How many of the lines below hold the word "definition"? Answer only with the number.

» INFORMATION SHOWN
------------------------------------------------

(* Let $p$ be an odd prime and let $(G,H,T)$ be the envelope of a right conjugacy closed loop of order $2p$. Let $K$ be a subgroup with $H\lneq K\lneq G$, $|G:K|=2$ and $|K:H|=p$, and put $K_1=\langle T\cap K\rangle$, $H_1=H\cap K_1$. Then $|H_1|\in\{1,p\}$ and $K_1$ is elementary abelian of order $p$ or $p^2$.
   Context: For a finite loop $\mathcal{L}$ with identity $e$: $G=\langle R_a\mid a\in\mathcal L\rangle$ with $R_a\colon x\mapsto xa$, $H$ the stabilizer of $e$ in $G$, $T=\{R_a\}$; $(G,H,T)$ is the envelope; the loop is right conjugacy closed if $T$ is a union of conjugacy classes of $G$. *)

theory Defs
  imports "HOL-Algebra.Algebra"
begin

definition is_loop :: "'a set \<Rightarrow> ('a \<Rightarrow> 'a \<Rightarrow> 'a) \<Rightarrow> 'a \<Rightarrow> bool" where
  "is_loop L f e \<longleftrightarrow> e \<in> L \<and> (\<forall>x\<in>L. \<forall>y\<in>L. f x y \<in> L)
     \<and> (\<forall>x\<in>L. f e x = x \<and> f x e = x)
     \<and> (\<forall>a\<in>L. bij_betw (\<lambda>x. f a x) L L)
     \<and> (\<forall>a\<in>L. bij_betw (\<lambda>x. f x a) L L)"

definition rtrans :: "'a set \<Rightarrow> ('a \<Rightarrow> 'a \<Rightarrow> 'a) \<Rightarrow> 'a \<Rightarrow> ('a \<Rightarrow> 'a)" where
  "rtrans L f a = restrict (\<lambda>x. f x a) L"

------------------------------------------------

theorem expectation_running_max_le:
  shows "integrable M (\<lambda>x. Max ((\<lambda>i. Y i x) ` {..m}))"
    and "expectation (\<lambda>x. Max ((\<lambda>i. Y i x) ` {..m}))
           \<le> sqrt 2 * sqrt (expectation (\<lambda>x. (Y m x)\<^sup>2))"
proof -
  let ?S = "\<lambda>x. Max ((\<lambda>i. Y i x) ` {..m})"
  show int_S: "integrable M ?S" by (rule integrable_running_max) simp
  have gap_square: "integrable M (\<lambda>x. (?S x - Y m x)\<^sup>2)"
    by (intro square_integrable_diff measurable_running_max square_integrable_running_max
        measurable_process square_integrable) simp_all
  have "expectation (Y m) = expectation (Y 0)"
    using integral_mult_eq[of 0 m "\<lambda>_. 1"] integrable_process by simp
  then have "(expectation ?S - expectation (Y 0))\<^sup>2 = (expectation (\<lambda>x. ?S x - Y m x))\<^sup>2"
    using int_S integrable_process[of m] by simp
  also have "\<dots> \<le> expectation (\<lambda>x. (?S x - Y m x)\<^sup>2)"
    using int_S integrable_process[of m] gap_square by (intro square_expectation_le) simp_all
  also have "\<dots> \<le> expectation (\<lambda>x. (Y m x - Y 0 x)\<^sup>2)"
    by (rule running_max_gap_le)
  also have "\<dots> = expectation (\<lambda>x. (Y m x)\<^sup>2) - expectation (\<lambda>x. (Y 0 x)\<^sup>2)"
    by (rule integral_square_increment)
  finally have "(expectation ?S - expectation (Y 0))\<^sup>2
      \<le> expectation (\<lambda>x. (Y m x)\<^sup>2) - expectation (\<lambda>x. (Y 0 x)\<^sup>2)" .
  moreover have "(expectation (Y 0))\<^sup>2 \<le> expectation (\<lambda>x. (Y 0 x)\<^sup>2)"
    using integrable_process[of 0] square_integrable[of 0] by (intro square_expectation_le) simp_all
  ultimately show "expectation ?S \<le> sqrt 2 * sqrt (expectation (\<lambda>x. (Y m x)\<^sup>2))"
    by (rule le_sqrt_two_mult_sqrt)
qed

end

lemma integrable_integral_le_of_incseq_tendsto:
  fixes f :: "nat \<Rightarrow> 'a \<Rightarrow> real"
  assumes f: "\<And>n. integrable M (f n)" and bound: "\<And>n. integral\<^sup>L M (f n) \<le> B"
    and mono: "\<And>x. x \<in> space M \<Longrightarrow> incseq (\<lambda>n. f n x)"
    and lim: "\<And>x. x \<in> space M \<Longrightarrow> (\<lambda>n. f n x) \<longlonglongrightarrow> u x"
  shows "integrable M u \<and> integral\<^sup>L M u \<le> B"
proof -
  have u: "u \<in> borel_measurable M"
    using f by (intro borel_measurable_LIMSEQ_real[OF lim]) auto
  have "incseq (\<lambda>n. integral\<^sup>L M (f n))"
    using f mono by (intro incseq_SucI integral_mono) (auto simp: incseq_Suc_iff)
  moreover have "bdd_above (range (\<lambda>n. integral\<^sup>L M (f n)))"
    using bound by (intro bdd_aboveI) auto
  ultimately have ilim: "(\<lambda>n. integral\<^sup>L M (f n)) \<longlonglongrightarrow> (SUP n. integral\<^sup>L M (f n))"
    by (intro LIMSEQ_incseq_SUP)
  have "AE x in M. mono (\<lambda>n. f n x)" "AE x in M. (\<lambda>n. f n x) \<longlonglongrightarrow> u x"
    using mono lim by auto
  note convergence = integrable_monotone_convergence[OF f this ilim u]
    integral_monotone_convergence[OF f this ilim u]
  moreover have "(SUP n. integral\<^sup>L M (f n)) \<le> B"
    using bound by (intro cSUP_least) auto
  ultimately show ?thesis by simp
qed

------------------------------------------------

» EXPECTED OUTPUT
2